Моррис расширил минималистский критерий единства объекта, распространив его также на процесс создания этого объекта, тем самым, в сущности, вернув роль образцового художника Поллоку, который умел сохранить процесс «как часть конечной формы» своих работ благодаря «глубокому переосмыслению» инструментов и материалов и, в частности, использованию для разбрызгивания краски палочек, позволяющих раскрыть присущую ей текучесть. Такое представление о Поллоке значительно отличается как от образа чисто оптического художника, созданного Гринбергом, так и от образа исполнителя живописи как экзистенциального перформанса или великого предшественника хеппенингов, каким его видели соответственно Гарольд Розенберг и Аллан Капроу. Благодаря Моррису идеалом, связанным с именем Поллока, стала работа, единство которой определяет не столько образ, сколько процесс, откровенно ею демонстрируемый.
Получили фриспины в казино? Узнайте тут как ими воспользоваться.
Парадоксально, что эта теория единства процесса зачастую побуждала к практике антиформального рассеивания. Однако для Морриса, Серры, Сэрета и Ле Ва рассеивающие жесты не были продолжением абстрактного экспрессионизма другими средствами: они рассматривались как раскрытиеуже не субъективности художника, а материальности работы в ее сопротивлении упорядочению и в ее связи с энтропией. Ради этого тяготение использовалось как сила (де)композиции, «допускалась случайность и предполагалась неопределенность»: «случайное нагромождение, свободное размещение, подвешивание придавали материалу временную форму» (Моррис). Моррис развивал эти идеи наиболее последовательно. В «Продолжающемся, ежедневно изменяемом проекте» ( 1969), название которого описывает и процесс, и его цель, он работал с такими материалами, как земля, глина, асбест, хлопок, вода, жир, войлок и нитяные отходы, на протяжении трех недель, так и не создав окончательной формы.

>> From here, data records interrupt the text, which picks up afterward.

lemma radical_ideal_gen_elem_sym:
  assumes "1 \<le> d" "d \<le> n" "n + d \<le> N" "\<not> CHAR('a::field) dvd (n choose d)"
  shows "radical N (ideal_gen N (orbit_SN N (elem_sym n d :: 'a mpoly)))
           = ideal_gen N (orbit_SN N (\<Prod>i\<in>{1..d}. mvar i))"
proof
  have "n \<le> N" "d \<le> N"
    using assms by auto
  then show "radical N (ideal_gen N (orbit_SN N (elem_sym n d :: 'a mpoly)))
               \<subseteq> ideal_gen N (orbit_SN N (\<Prod>i\<in>{1..d}. mvar i))"
    using radical_mono[OF ideal_gen_elem_sym_subset] radical_ideal_gen_prod_mvar assms(2)
    by blast
  have "orbit_SN N (\<Prod>i\<in>{1..d}. mvar i :: 'a mpoly)
          \<subseteq> radical N (ideal_gen N (orbit_SN N (elem_sym n d :: 'a mpoly)))"
    unfolding orbit_SN_prod_mvar[OF \<open>d \<le> N\<close>] using prod_mvar_in_radical_elem_sym[OF assms] by blast
  then show "ideal_gen N (orbit_SN N (\<Prod>i\<in>{1..d}. mvar i))
               \<subseteq> radical N (ideal_gen N (orbit_SN N (elem_sym n d :: 'a mpoly)))"
    by (rule ideal_gen_subset_radical)
qed


section \<open>Characteristic dividing the binomial coefficient\<close>

lemma monomial_notin_radical_elem_sym:
  assumes "n \<le> N" and char: "CHAR('a::field) dvd (n choose d)"
  shows "mmonom \<alpha> \<notin> radical N (ideal_gen N (orbit_SN N (elem_sym n d :: 'a mpoly)))"
proof
  let ?ev = "meval (\<lambda>_. 1) (id :: 'a \<Rightarrow> 'a)"
  have ev_generator: "?ev g = 0" if g: "g \<in> orbit_SN N (elem_sym n d :: 'a mpoly)" for g
  proof -
    obtain T where T: "T \<subseteq> {1..N}" "card T = n" "g = esym mvar d T"
      using g by (auto simp: orbit_SN_elem_sym[OF assms(1)])
    then have "?ev g = esym (\<lambda>_. 1) d T"
      by (simp add: coeff_id.meval_esym)
    also have "\<dots> = of_nat (n choose d)"
      using T by (simp add: esym_def n_subsets finite_subset[OF T(1)])
    also have "\<dots> = 0"
      using char by (simp add: of_nat_eq_0_iff_char_dvd)
    finally show ?thesis .
  qed
  assume "mmonom \<alpha> \<in> radical N (ideal_gen N (orbit_SN N (elem_sym n d :: 'a mpoly)))"
  then obtain k F c where "mmonom \<alpha> ^ k = (\<Sum>g\<in>F. c g * g)"
    and "F \<subseteq> orbit_SN N (elem_sym n d :: 'a mpoly)"
    by (auto simp: radical_def ideal_gen_def)
  then have "?ev (mmonom \<alpha> ^ k) = 0"
    using ev_generator by (auto simp: coeff_id.meval_sum coeff_id.meval_mult intro!: sum.neutral)
  moreover have "?ev (mmonom \<alpha> ^ k) = 1"
    by (simp add: coeff_id.meval_power mmonom_def mon_eval_def)
  ultimately show False by simp
qed


theorem proposition2p1:
  fixes n d N :: nat
  assumes "1 \<le> d" and "d \<le> n"
  shows "(n + d \<le> N \<and> \<not> CHAR('a::field) dvd (n choose d) \<longrightarrow>
           radical N (ideal_gen N (orbit_SN N (elem_sym n d :: 'a mpoly)))
             = ideal_gen N (orbit_SN N (\<Prod>i \<in> {1..d}. mvar i)))
       \<and> (n \<le> N \<and> CHAR('a) dvd (n choose d) \<longrightarrow>
           (\<forall>\<alpha>. Poly_Mapping.keys \<alpha> \<subseteq> {1..N} \<longrightarrow>
              mmonom \<alpha> \<notin> radical N (ideal_gen N (orbit_SN N (elem_sym n d :: 'a mpoly)))))"
  using radical_ideal_gen_elem_sym[OF assms] monomial_notin_radical_elem_sym by blast

end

Его решительный отказ от эстетизации материалов проявился в «Нитяных отходах» и «Грязи» ( 1968) — беспорядочных смесях ниток, войлока, кусков медных труб и осколков зеркала (первая работа) и земли, жира, торфяного мха, кирпичей, войлока и различных металлов (вторая работа).
Атака на вертикальность живописи и скульптуры привела к снижению — как буквальному, так и символическому: произведение искусства, разбросанное по полу, как мусор, почти никак не обработанное, оказалось настолько разво- площено, что сама его «разбросанность» [от англ. to scatter — разбрасывать. — Пер.] приобрела скатологические ассоциации [англ. scat — экскременты, помет. — Пер.].